The liberal Anglicans started the Christian sports movement in the UK. Other denominations soon followed (including the YMCA and, a few years later, the YWCA). The Sunday School Chronicle wrote in an 1896 editorial about The Saving of the Body that the “attempt to separate the soul from the body has always been the source of the greatest woes of humanity.”
Jesus, unlike the medieval saints, did not seek to harm the entire man.
We can expect better results when the religions of the gym and the cricket field are recognized and taught.
Most religious clubs were created for the sole purpose of fun and relaxation, usually on a weekend afternoon. A few, however, went on to achieve greater things. Aston Villa was founded by a group of young men who were in a Methodist Bible class and played cricket with each other. They wanted to play a winter match. The Northampton Saints rugby union team was founded six years after the St James Church.

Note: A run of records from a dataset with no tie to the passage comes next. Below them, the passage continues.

(* (a) For every threshold function $f$ it holds that $NN(f)=2$. (b) If $n$ is odd then $BNN(MAJ_n)=2$, and if $n$ is even then $BNN(MAJ_n)\le \frac n2+2$. (c) $BNN\left(TH_n^{\lfloor n/3\rfloor}\right)=2^{\Omega(n)}$.
   Context: For a Boolean function $f:\{0,1\}^n\to\{0,1\}$, points $a$ with $f(a)=1$ are positive and those with $f(a)=0$ negative. A nearest neighbor representation of $f$ is a pair of disjoint sets $(P,N)$ of points of $\mathbb R^n$ such that for every $a\in\{0,1\}^n$: if $a$ is positive, there is $b\in P$ with $d(a,b)<d(a,c)$ for all $c\in N$; if $a$ is negative, there is $b\in N$ with $d(a,b)<d(a,c)$ for all $c\in P$ ($d$ = Euclidean distance). Its size is $|P\cup N|$. $NN(f)$ is the minimum size of a nearest neighbor representation of $f$; $BNN(f)$ is the minimum size of one with $P\cup N\subseteq\{0,1\}^n$. A Boolean function $f$ is a threshold function if there are $w_1,\dots,w_n,t\in\mathbb R$ with $f(x)=1$ iff $w_1x_1+\dots+w_nx_n\ge t$ for all $x\in\{0,1\}^n$. $TH_n^t$ denotes the $n$-variable function with $TH_n^t(x)=1$ iff $x_1+\dots+x_n\ge t$, and $MAJ_n=TH_n^{n/2}$. In (c), $n\to\infty$. *)

theory Defs
  imports Complex_Main
begin

text \<open>Points of R^n are functions nat => real vanishing outside {0..<n}.\<close>

definition euc :: "nat \<Rightarrow> (nat \<Rightarrow> real) set" where
  "euc n = {x. \<forall>i\<ge>n. x i = 0}"

definition cube :: "nat \<Rightarrow> (nat \<Rightarrow> real) set" where
  "cube n = {x. (\<forall>i<n. x i = 0 \<or> x i = 1) \<and> (\<forall>i\<ge>n. x i = 0)}"

definition edist :: "nat \<Rightarrow> (nat \<Rightarrow> real) \<Rightarrow> (nat \<Rightarrow> real) \<Rightarrow> real" where
  "edist n a b = sqrt (\<Sum>i<n. (a i - b i)^2)"

text \<open>A Boolean function on n variables: only its values on cube n matter.\<close>

definition nn_rep :: "nat \<Rightarrow> ((nat \<Rightarrow> real) \<Rightarrow> bool) \<Rightarrow> (nat \<Rightarrow> real) set \<Rightarrow> (nat \<Rightarrow> real) set \<Rightarrow> bool" where
  "nn_rep n f P N \<longleftrightarrow>
     P \<subseteq> euc n \<and> N \<subseteq> euc n \<and> finite P \<and> finite N \<and> P \<inter> N = {} \<and>
     (\<forall>a\<in>cube n.
        (f a \<longrightarrow> (\<exists>b\<in>P. \<forall>c\<in>N. edist n a b < edist n a c)) \<and>
        (\<not> f a \<longrightarrow> (\<exists>b\<in>N. \<forall>c\<in>P. edist n a b < edist n a c)))"

definition NN :: "nat \<Rightarrow> ((nat \<Rightarrow> real) \<Rightarrow> bool) \<Rightarrow> nat" where
  "NN n f = (LEAST k. \<exists>P N. nn_rep n f P N \<and> card (P \<union> N) = k)"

Aston Villa’s FA Cup-winning team from 1895 poses with the trophy. Henry Joseph Whitlock/Wikimedia
Christian missionaries took British sport to Africa and Asia. J.A. Mangan writes in The Games Ethic and Imperialism that “Missionaries brought cricket to the Melanesians… football to Bantu… rowing to Hindus… and athletics to Iranians”. According to David Goldblatt, in The Ball is Round, missionaries were the first footballers not only in Uganda but also in Nigeria, the French Congo, and possibly Africa’s Former Gold Coast.
James Pycroft, The Cricket Field. James Pycroft. Wikimedia
Religious denominations and their followers responded selectively at home to the late Victorian sport boom. They adopted some sports, while rejecting others. Anglicans loved cricket, for instance. One of the earliest books to celebrate it as England’s national game was The Cricket Field by Rev. James Pycroft a D, even priest who said: “The game is cricket, philosophically viewed, is a panegyric of the English character.”

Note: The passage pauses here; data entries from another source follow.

text \<open>Repeated-index set of a (pure) CMI; members counted with multiplicity.\<close>
definition rep_idx :: "cmi \<Rightarrow> nat set" where
  "rep_idx K = (if size (snd K) \<ge> 2
     then {x. size (filter_mset (\<lambda>Q. x \<in> Q) (snd K)) \<ge> 2} else {})"

definition IK :: "cmi \<Rightarrow> nat set" where
  "IK K = rep_idx (pur K)"

definition Pparts :: "cmi \<Rightarrow> nat set multiset" where
  "Pparts K = filter_mset (\<lambda>P. P \<noteq> {}) (image_mset (\<lambda>Q. Q - rep_idx K) (snd K))"

text \<open>Canonical form in general-form notation: None stands for the degenerate symbol
  (\<cdot>,< >); Some (C, I, Ps) stands for (C, <I, I, Ps>), where the copies of I are omitted
  when I is empty, and Ps is empty in the case (C,<I,I>).\<close>
definition canGF :: "cmi \<Rightarrow> (nat set \<times> nat set \<times> nat set multiset) option" where
  "canGF K = (let k = size (snd K); I = rep_idx K; Ps = Pparts K; t = size Ps in
     if k \<le> 1 then None
     else if I \<noteq> {} \<and> t \<le> 1 then Some (fst K, I, {#})
     else Some (fst K, I, Ps))"

definition can :: "cmi \<Rightarrow> cmi option" where
  "can K = map_option (\<lambda>(C, I, Ps). (C, (if I = {} then {#} else {#I, I#}) + Ps)) (canGF K)"

text \<open>R_K^{K'}; None stands for the degenerate symbol (\<cdot>,< >).\<close>
definition RKK :: "cmi \<Rightarrow> cmi \<Rightarrow> cmi option" where
  "RKK K K' = (case canGF (pur K') of
      None \<Rightarrow> None
    | Some (C', I', Ps') \<Rightarrow>
        (let D = I' - IK K;
             Ts = filter_mset (\<lambda>T. T \<noteq> {}) (image_mset (\<lambda>P. P - IK K) Ps');
             u = size Ts in
         if D = {} \<and> u \<le> 1 then None
         else if D = {} then Some (C' - IK K, Ts)
         else if u \<le> 1 then Some (C' - IK K, {#D, D#})
         else Some (C' - IK K, {#D, D#} + Ts)))"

Pycroft did note a darker side to the game at the time due to the high betting rates on cricket matches. He claimed that cricket was still the panacea for social ills in the country, but this claim would be repeated for other sports for the next century-and-a-half.

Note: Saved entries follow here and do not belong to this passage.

(* Let $\mathcal H$ be a finite index set, let $n$ and $k$ be integers, and for each $j\in\mathcal H$ let $\mathcal X_j\subseteq\mathbb R^m$ be closed and convex, with $\bigcap_{j\in\mathcal H}\mathcal X_j=\{x^*\}$. Suppose $\mathcal H$ is $k$-redundant. Suppose $\mu>0$ is such that for every $x\in\mathbb R^m$ and every $\mathcal S\subseteq\mathcal H$ with $|\mathcal S|\ge n-k$, $$\max_{i\in\mathcal S}\mathrm{dist}(x,\mathcal X_i)\ge\mu\,\mathrm{dist}\Big(x,\bigcap_{i\in\mathcal S}\mathcal X_i\Big).$$ Let $x_j\in\mathcal X_j$ be arbitrary for each $j\in\mathcal H$, and let $\mathcal S\subseteq\mathcal H$ with $|\mathcal S|\ge n-k$. Then $0<\mu\le 1$, and for every $i\in\mathcal H$, $$\max_{j\in\mathcal S}\|x_i-x_j\|^2\ge\mu^2\|x_i-x^*\|^2.$$
   Context: $\mathrm{dist}(x,\mathcal C)=\|x-\mathrm P_{\mathcal C}[x]\|$, where $\mathrm P_{\mathcal C}$ is the Euclidean projection onto a closed convex set $\mathcal C$. $\mathcal H$ is $k$-redundant if for every $\mathcal S\subseteq\mathcal H$ with $|\mathcal S|\ge n-k$ we have $\bigcap_{i\in\mathcal S}\mathcal X_i=\bigcap_{i\in\mathcal H}\mathcal X_i$. (In the paper, $n$ is the total number of agents and $\mathcal H$ is the set of normal agents.) *)

theory Defs
  imports "HOL-Analysis.Analysis"
begin

text \<open>k-redundancy of the index set H of normal agents, n the total number of agents.\<close>
definition k_redundant :: "nat \<Rightarrow> nat \<Rightarrow> 'a set \<Rightarrow> ('a \<Rightarrow> 'b set) \<Rightarrow> bool" where
  "k_redundant n k H X \<longleftrightarrow>
     (\<forall>S. S \<subseteq> H \<and> int (card S) \<ge> int n - int k \<longrightarrow> (\<Inter>i\<in>S. X i) = (\<Inter>i\<in>H. X i))"

end

theory Submission
  imports Defs
begin

text \<open>By k-redundancy the sets indexed by S still meet only in x*, so the regularity bound
  says that every point x lies at distance at least \<mu> dist(x, x*) from some X j with j in S.
  For x \<noteq> x* this distance is at most dist(x, x*), because x* lies in X j; hence \<mu> \<le> 1.
  For x = x i it is at most dist(x i, x j), because x j lies in X j; squaring gives the bound.\<close>

lemma INT_eq_singleton_nonempty_index:
  fixes X :: "'i \<Rightarrow> 'a::perfect_space set"
  assumes "(\<Inter>i\<in>S. X i) = {c}"
  shows "S \<noteq> {}"
  using assms UNIV_not_singleton by auto

lemma Max_infdist_ge_singleton_Inter:
  fixes X :: "'i \<Rightarrow> 'a::{metric_space, perfect_space} set"
  assumes "finite S" and "(\<Inter>i\<in>S. X i) = {c}"
    and "\<mu> * infdist x (\<Inter>i\<in>S. X i) \<le> Max ((\<lambda>i. infdist x (X i)) ` S)"
  shows "\<exists>j\<in>S. \<mu> * dist x c \<le> infdist x (X j)"
proof -
  have "S \<noteq> {}"
    using assms(2) by (rule INT_eq_singleton_nonempty_index)
  with assms show ?thesis
    by (simp add: Max_ge_iff infdist_singleton)
qed

lemma regularity_constant_le_one:
  fixes X :: "'i \<Rightarrow> 'a::{metric_space, perfect_space} set"
  assumes far: "\<And>x. \<exists>j\<in>S. \<mu> * dist x c \<le> infdist x (X j)"
    and common: "\<And>j. j \<in> S \<Longrightarrow> c \<in> X j"
  shows "\<mu> \<le> 1"
proof -
  obtain x :: 'a where "x \<noteq> c"
    using UNIV_not_singleton[of c] by blast
  then have pos: "dist x c > 0" by simp
  obtain j where "j \<in> S" and j: "\<mu> * dist x c \<le> infdist x (X j)"
    using far by blast
  note j
  also have "infdist x (X j) \<le> dist x c"
    using common[OF \<open>j \<in> S\<close>] by (rule infdist_le)
  finally have "\<mu> * dist x c \<le> 1 * dist x c" by simp
  then show ?thesis
    using pos by (rule mult_right_le_imp_le)
qed

lemma Max_dist_members_ge:
  fixes X :: "'i \<Rightarrow> 'a::metric_space set"
  assumes "finite S" and "0 \<le> \<mu>"
    and far: "\<exists>j\<in>S. \<mu> * dist z c \<le> infdist z (X j)"
    and members: "\<And>j. j \<in> S \<Longrightarrow> y j \<in> X j"
  shows "\<mu>\<^sup>2 * (dist z c)\<^sup>2 \<le> Max ((\<lambda>j. (dist z (y j))\<^sup>2) ` S)"
proof -
  obtain j where "j \<in> S" and j: "\<mu> * dist z c \<le> infdist z (X j)"
    using far by blast
  note j
  also have "infdist z (X j) \<le> dist z (y j)"
    using members[OF \<open>j \<in> S\<close>] by (rule infdist_le)
  finally have "(\<mu> * dist z c)\<^sup>2 \<le> (dist z (y j))\<^sup>2"
    using \<open>0 \<le> \<mu>\<close> by (intro power_mono) auto
  also have "\<dots> \<le> Max ((\<lambda>j. (dist z (y j))\<^sup>2) ` S)"
    using \<open>finite S\<close> \<open>j \<in> S\<close> by (intro Max_ge) auto
  finally show ?thesis
    by (simp add: power_mult_distrib)
qed

theorem lemma1:
  fixes H :: "'a set" and n k :: nat and X :: "'a \<Rightarrow> (real ^ 'm) set"
    and xstar :: "real ^ 'm" and \<mu> :: real and xs :: "'a \<Rightarrow> real ^ 'm" and S :: "'a set"
  assumes finH: "finite H"
    and closedX: "\<forall>j\<in>H. closed (X j)"
    and convexX: "\<forall>j\<in>H. convex (X j)"
    and inter: "(\<Inter>j\<in>H. X j) = {xstar}"
    and red: "k_redundant n k H X"
    and mu_pos: "\<mu> > 0"
    and mu_bound: "\<forall>x :: real ^ 'm. \<forall>T. T \<subseteq> H \<and> int (card T) \<ge> int n - int k \<longrightarrow>
         Max ((\<lambda>i. infdist x (X i)) ` T) \<ge> \<mu> * infdist x (\<Inter>i\<in>T. X i)"
    and xs_in: "\<forall>j\<in>H. xs j \<in> X j"
    and S_sub: "S \<subseteq> H"
    and S_card: "int (card S) \<ge> int n - int k"
  shows "0 < \<mu> \<and> \<mu> \<le> 1 \<and>
    (\<forall>i\<in>H. Max ((\<lambda>j. (norm (xs i - xs j))\<^sup>2) ` S) \<ge> \<mu>\<^sup>2 * (norm (xs i - xstar))\<^sup>2)"
proof -
  have finS: "finite S"
    using finH S_sub by (rule finite_subset[rotated])
  have SI: "(\<Inter>i\<in>S. X i) = {xstar}"
    using red S_sub S_card inter unfolding k_redundant_def by auto
  have far: "\<exists>j\<in>S. \<mu> * dist x xstar \<le> infdist x (X j)" for x
    using Max_infdist_ge_singleton_Inter[OF finS SI] mu_bound S_sub S_card by blast
  have "\<mu> \<le> 1"
    using SI by (intro regularity_constant_le_one[of S \<mu> xstar X, OF far]) auto
  moreover have "\<mu>\<^sup>2 * (norm (xs i - xstar))\<^sup>2 \<le> Max ((\<lambda>j. (norm (xs i - xs j))\<^sup>2) ` S)" for i
    using Max_dist_members_ge[OF finS _ far, of xs] mu_pos xs_in S_sub
    by (auto simp: dist_norm)
  ultimately show ?thesis
    using mu_pos by blast
qed

end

A national sport like cricket can both humanize our people and bring them together. It instills a love for order, discipline, and fair play to win with pure honor and glory.
Jews were the frontrunners in British boxing, in contrast with nonconformists, who opposed boxing primarily because of the violence, and horse racing was betting-based. They were fans of cycling and football, but they also approved of “healthy” sports. Many Catholics and Anglicans, on the other hand, enjoy horse racing as well as boxing.
As the 19th century came to a close, the growth of women’s sports was a hotly debated topic. In Britain, women were not as opposed to participating in sports by religious groups, unlike in other parts of Europe.
In the 1870s, upper and upper-middle-class women began playing tennis, golf, and croquet. Soon after, the sport was introduced into the curriculum of girls’ private schools. In the 1890s, the more affluent chapels and churches in the country formed tennis clubs. Those with a wider social constituency created clubs for cycling and ice hockey.